Segment Start: Data listing

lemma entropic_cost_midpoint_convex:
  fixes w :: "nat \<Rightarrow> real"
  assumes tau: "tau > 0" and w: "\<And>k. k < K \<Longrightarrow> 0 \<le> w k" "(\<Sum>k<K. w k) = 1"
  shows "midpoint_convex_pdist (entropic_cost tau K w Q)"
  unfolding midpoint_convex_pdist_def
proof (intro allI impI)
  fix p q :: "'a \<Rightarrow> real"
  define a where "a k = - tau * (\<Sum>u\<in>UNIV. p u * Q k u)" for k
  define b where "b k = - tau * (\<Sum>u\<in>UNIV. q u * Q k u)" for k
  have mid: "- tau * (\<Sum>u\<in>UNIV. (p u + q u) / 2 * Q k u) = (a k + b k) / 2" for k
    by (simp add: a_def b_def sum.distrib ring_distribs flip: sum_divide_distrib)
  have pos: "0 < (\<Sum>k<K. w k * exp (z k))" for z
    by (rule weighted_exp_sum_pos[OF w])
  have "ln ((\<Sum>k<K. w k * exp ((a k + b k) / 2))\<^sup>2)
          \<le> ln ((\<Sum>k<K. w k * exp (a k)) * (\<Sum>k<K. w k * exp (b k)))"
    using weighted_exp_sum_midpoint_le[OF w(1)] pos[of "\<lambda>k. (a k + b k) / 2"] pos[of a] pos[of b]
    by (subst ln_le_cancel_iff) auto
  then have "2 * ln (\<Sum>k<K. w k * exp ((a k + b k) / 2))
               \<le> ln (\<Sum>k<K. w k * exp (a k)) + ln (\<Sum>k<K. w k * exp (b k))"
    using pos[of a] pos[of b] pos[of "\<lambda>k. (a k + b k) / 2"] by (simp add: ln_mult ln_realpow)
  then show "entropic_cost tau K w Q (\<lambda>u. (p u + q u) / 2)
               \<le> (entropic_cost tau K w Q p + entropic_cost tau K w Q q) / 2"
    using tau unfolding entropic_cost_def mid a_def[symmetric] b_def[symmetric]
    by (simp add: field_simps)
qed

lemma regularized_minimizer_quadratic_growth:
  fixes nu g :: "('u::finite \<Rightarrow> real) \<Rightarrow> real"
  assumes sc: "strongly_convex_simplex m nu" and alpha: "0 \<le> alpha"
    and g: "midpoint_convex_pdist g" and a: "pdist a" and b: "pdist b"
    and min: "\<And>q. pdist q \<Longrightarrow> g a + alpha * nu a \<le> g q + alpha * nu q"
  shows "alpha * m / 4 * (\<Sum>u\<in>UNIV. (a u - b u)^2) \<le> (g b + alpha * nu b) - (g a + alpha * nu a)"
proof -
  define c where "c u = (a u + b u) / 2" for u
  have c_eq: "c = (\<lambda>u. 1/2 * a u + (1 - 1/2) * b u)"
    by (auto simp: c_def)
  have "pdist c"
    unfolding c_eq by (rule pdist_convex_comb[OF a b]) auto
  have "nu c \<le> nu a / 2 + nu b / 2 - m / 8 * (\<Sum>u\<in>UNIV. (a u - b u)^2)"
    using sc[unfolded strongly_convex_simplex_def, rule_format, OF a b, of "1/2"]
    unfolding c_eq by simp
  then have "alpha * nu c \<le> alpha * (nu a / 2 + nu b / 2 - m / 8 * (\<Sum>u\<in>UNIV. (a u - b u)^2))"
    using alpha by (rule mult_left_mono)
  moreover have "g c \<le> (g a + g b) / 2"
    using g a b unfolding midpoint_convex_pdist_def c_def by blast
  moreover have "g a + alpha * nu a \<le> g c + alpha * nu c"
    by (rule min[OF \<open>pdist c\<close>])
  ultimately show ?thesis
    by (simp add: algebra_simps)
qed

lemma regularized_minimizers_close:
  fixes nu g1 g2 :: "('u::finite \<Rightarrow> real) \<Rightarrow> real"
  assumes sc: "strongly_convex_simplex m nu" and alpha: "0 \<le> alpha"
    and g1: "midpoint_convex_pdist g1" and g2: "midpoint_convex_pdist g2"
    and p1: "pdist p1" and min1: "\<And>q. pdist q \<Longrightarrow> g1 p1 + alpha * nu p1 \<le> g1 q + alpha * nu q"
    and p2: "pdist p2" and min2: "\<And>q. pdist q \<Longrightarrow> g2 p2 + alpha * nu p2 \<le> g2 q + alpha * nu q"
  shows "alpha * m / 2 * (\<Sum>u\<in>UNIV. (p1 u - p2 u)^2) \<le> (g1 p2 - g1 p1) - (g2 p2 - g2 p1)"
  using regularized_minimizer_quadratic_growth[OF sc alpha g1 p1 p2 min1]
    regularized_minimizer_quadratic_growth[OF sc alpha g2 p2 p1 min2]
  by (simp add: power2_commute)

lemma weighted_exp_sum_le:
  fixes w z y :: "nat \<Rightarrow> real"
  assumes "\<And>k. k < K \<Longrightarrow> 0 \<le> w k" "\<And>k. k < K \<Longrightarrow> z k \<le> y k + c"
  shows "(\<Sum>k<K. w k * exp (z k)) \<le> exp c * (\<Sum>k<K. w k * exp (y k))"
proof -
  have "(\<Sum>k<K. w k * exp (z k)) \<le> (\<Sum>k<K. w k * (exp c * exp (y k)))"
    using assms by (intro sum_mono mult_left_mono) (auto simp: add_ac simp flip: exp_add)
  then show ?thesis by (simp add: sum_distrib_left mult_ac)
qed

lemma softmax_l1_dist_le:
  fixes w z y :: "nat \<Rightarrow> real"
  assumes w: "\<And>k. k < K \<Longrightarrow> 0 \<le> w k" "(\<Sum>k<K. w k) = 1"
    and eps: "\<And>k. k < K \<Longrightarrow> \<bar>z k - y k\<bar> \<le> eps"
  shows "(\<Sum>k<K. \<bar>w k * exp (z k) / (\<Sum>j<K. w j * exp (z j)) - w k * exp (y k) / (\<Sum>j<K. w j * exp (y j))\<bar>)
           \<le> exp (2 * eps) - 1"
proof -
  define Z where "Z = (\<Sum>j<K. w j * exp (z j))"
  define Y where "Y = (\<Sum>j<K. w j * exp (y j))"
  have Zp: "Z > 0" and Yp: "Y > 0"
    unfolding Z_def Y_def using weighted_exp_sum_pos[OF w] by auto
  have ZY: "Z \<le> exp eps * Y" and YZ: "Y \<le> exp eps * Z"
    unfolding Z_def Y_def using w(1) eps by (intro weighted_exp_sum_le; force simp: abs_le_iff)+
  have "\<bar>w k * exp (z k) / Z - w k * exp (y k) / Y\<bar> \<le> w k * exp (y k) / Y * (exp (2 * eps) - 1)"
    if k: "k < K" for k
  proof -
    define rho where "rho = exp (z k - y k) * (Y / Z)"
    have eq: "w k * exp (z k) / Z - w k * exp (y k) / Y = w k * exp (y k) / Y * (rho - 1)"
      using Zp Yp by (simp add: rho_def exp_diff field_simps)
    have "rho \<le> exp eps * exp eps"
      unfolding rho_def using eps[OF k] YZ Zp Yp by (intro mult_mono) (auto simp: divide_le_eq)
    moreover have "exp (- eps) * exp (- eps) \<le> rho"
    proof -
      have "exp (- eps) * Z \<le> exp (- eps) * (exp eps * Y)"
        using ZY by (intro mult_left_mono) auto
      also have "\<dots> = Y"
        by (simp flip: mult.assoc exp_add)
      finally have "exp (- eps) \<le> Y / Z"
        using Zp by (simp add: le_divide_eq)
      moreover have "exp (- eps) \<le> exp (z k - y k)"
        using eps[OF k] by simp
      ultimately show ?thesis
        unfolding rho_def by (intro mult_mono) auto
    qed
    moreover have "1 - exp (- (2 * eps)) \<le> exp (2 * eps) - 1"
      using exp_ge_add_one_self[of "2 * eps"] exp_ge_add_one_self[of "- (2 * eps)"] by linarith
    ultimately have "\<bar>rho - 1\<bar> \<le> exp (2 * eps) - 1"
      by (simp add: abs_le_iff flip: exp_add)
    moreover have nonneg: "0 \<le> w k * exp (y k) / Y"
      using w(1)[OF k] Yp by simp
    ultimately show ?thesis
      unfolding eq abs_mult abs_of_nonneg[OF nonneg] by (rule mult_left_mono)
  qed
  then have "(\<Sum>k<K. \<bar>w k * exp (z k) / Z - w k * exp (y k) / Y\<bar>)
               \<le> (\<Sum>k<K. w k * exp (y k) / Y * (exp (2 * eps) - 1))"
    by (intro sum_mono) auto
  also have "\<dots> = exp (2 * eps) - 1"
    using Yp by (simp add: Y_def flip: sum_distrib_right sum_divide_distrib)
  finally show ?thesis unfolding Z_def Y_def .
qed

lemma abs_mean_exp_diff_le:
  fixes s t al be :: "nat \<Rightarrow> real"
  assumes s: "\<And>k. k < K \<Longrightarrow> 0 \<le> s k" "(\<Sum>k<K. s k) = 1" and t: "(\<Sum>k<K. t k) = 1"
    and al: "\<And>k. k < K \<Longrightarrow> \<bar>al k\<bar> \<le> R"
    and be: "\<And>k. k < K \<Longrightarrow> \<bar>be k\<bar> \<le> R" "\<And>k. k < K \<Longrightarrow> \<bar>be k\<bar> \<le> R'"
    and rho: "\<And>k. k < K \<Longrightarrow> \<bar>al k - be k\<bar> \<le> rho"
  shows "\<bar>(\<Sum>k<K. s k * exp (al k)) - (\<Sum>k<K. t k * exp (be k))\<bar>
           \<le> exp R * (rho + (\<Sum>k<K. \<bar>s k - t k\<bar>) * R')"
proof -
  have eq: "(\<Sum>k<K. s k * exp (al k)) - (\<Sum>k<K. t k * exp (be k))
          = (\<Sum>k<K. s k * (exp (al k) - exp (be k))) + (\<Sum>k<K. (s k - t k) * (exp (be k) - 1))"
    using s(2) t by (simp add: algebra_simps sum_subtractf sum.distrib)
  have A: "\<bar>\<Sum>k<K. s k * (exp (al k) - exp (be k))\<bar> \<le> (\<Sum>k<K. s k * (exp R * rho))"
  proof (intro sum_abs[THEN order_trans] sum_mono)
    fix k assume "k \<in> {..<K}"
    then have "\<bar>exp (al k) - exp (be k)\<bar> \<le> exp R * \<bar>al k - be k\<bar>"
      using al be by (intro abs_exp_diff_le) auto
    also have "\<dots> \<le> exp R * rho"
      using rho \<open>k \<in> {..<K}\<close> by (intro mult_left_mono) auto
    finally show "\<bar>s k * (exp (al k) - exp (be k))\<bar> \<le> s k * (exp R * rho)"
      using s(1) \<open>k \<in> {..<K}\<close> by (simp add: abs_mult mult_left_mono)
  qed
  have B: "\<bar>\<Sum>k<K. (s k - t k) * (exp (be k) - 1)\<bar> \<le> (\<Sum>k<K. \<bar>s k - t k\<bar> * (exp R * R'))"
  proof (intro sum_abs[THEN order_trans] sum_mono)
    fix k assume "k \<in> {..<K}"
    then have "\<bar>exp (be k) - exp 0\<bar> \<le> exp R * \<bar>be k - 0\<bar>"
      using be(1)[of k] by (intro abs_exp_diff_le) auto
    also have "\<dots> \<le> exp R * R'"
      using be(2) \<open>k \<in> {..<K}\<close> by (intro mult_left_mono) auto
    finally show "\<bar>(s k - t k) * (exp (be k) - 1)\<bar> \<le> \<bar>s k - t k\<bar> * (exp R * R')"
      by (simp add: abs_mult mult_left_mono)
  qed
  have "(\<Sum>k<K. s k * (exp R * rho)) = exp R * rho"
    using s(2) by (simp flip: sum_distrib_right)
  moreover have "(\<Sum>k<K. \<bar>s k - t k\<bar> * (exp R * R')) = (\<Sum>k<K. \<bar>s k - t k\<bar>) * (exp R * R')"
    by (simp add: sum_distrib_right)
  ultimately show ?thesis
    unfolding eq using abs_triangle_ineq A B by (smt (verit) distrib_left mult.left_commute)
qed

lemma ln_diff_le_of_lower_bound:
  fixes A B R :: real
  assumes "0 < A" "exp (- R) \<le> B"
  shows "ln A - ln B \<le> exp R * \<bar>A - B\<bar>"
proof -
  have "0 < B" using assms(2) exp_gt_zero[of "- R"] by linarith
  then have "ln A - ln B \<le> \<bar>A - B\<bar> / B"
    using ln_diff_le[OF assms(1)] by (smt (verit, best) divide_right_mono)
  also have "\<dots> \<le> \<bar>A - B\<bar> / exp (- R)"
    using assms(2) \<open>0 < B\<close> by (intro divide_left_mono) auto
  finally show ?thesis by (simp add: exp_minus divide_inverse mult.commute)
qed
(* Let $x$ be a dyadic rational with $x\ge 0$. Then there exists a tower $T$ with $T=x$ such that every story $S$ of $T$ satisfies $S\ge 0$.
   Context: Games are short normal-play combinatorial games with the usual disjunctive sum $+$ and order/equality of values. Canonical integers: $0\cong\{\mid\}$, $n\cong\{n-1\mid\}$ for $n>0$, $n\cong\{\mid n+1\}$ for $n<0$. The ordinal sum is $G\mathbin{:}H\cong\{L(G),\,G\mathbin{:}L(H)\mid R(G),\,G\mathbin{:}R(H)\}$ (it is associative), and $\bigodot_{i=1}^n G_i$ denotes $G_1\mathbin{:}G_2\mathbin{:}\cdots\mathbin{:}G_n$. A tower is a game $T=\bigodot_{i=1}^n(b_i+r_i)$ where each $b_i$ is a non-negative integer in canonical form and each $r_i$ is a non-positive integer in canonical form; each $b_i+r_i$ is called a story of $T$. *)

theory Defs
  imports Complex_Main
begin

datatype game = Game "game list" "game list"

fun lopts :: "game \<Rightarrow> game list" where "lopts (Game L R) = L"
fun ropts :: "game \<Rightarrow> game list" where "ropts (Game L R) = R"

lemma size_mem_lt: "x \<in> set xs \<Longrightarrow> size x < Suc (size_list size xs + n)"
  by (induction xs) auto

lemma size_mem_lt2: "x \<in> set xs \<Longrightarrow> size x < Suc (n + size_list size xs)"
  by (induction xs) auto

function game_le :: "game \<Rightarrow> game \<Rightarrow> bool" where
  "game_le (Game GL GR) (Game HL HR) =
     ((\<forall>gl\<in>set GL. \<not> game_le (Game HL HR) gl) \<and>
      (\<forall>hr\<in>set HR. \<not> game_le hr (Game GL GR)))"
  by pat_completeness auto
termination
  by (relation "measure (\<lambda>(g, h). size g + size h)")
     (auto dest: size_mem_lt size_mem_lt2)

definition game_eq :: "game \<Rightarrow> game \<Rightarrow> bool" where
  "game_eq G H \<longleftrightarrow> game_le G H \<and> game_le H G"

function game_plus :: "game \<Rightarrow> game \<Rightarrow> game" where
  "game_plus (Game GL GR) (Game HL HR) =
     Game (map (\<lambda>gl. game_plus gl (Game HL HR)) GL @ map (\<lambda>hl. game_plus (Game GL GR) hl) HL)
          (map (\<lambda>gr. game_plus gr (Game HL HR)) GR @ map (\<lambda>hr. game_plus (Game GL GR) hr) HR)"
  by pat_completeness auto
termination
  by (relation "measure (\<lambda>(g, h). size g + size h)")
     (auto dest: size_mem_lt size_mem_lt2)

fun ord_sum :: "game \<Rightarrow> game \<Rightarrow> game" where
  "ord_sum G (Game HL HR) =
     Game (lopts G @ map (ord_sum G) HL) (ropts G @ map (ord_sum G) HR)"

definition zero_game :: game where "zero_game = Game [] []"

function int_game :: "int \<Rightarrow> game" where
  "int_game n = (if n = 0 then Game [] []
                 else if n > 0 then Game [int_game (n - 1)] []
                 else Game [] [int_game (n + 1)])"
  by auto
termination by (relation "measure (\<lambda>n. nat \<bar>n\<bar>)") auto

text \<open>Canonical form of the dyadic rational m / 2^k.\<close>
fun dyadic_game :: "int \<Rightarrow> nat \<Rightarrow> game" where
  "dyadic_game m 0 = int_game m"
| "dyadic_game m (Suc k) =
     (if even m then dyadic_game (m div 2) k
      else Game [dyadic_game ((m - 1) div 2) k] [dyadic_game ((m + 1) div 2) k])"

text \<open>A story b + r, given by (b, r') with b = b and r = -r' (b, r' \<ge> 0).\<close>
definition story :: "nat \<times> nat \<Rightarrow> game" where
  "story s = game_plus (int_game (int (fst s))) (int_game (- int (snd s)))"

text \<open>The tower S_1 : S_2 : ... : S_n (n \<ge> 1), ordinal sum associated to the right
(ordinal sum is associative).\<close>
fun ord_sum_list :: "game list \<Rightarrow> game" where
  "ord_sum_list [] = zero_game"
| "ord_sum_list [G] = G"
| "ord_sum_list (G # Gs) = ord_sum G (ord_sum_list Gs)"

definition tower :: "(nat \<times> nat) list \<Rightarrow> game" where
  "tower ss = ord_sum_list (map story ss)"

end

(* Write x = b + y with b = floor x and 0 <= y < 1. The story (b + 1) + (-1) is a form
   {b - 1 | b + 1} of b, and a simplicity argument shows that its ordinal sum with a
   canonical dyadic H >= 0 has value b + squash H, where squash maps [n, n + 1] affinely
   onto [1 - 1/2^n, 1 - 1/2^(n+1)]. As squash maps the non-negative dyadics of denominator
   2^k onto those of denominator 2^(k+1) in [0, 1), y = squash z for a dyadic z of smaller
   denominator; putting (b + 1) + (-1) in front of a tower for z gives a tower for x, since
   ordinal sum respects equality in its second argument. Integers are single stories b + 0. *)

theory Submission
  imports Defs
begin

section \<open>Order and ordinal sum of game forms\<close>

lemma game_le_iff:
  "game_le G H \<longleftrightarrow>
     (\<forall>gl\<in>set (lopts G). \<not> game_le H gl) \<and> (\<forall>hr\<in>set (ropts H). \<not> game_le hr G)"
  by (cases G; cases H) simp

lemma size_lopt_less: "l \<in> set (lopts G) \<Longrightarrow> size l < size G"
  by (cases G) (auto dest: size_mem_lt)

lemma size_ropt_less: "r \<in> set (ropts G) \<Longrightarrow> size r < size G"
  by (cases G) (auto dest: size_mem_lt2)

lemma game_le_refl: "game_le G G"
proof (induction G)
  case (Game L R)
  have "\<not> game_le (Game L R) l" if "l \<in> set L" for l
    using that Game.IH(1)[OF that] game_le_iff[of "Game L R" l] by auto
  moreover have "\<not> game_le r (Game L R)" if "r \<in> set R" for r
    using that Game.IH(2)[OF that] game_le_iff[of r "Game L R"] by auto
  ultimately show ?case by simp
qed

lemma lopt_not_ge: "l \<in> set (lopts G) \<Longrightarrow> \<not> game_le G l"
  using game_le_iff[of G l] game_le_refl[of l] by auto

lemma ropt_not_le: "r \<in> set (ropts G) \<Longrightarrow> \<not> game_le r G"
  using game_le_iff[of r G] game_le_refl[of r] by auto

Segment End: Data listing

_Work required_
Whenever the string "else" shows up in a line of the entries, copy that line.

_Result_
                 else if n > 0 then Game [int_game (n - 1)] []
                 else Game [] [int_game (n + 1)])"
      else Game [dyadic_game ((m - 1) div 2) k] [dyadic_game ((m + 1) div 2) k])"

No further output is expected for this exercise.